[Stored items]

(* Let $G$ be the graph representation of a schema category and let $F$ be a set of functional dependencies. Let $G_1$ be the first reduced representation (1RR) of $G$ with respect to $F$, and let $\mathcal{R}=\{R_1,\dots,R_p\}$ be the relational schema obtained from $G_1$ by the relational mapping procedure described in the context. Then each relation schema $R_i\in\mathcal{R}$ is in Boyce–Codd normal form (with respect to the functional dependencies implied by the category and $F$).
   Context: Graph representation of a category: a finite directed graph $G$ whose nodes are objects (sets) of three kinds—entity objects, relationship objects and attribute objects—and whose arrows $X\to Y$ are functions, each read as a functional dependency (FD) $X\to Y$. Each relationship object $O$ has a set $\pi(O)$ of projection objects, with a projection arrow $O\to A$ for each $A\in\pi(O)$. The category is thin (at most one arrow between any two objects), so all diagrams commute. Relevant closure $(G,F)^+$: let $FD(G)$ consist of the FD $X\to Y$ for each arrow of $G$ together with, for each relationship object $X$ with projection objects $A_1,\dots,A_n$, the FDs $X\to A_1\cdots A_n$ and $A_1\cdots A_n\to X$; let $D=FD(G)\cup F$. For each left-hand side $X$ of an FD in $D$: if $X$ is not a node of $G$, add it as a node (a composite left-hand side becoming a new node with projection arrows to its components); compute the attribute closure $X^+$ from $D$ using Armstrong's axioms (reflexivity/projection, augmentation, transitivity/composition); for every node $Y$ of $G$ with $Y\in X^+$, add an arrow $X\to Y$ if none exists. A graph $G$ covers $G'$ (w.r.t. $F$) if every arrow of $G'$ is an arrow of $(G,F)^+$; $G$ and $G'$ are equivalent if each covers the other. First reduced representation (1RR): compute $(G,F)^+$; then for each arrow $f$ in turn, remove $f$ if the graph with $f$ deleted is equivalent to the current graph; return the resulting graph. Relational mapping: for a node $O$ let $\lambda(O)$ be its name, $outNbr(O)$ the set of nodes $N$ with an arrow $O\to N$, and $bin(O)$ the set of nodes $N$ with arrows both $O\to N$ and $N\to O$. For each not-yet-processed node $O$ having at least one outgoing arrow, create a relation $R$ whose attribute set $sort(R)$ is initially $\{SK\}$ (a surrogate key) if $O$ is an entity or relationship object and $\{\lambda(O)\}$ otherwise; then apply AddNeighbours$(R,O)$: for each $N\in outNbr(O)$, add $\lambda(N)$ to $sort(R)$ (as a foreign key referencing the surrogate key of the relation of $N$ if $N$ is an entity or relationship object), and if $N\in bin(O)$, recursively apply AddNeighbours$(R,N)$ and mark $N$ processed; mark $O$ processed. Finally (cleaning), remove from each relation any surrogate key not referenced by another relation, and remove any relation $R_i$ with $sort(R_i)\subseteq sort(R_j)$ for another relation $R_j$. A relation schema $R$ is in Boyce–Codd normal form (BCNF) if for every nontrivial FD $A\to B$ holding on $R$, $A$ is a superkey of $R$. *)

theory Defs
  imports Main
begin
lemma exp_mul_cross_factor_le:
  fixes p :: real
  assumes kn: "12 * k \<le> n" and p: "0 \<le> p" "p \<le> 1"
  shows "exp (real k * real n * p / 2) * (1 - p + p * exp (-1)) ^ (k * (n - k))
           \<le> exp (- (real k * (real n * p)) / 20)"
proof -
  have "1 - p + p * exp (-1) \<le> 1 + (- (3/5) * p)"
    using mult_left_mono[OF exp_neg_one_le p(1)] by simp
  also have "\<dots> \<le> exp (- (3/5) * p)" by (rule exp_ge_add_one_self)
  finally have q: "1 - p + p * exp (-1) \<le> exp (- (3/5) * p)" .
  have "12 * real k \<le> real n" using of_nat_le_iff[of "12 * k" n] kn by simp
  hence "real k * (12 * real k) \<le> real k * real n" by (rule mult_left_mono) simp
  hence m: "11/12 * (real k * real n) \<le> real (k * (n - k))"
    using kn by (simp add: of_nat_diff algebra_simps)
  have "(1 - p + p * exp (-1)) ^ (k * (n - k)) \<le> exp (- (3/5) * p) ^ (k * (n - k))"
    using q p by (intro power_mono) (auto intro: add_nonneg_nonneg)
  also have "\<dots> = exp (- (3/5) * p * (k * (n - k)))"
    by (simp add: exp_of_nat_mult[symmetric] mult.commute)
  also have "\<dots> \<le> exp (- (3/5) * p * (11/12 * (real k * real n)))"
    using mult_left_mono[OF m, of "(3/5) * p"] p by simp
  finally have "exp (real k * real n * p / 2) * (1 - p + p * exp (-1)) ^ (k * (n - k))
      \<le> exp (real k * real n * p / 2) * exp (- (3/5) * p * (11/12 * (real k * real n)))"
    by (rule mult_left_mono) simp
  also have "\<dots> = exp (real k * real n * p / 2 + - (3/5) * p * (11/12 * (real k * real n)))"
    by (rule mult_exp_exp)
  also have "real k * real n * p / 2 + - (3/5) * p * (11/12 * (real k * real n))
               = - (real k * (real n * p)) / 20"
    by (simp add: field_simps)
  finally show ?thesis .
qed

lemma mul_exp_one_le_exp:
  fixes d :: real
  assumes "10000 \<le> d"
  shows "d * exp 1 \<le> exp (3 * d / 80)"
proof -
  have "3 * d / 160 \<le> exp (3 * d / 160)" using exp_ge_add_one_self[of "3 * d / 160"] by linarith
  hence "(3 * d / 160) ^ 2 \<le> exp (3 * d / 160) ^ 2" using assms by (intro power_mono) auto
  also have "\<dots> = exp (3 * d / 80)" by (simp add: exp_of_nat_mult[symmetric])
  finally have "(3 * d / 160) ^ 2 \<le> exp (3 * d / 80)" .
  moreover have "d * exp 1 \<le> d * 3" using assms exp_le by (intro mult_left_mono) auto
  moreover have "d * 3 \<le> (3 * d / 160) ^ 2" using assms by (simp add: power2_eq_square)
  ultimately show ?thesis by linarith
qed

* [Assigned task]
Print exactly, and only, the lines running from the one that contains "by (rule mult_exp_exp)" to the last line of the records above.

* [Task answer]
    by (rule mult_exp_exp)
  also have "real k * real n * p / 2 + - (3/5) * p * (11/12 * (real k * real n))
               = - (real k * (real n * p)) / 20"
    by (simp add: field_simps)
  finally show ?thesis .
qed

lemma mul_exp_one_le_exp:
  fixes d :: real
  assumes "10000 \<le> d"
  shows "d * exp 1 \<le> exp (3 * d / 80)"
proof -
  have "3 * d / 160 \<le> exp (3 * d / 160)" using exp_ge_add_one_self[of "3 * d / 160"] by linarith
  hence "(3 * d / 160) ^ 2 \<le> exp (3 * d / 160) ^ 2" using assms by (intro power_mono) auto
  also have "\<dots> = exp (3 * d / 80)" by (simp add: exp_of_nat_mult[symmetric])
  finally have "(3 * d / 160) ^ 2 \<le> exp (3 * d / 80)" .
  moreover have "d * exp 1 \<le> d * 3" using assms exp_le by (intro mult_left_mono) auto
  moreover have "d * 3 \<le> (3 * d / 160) ^ 2" using assms by (simp add: power2_eq_square)
  ultimately show ?thesis by linarith
qed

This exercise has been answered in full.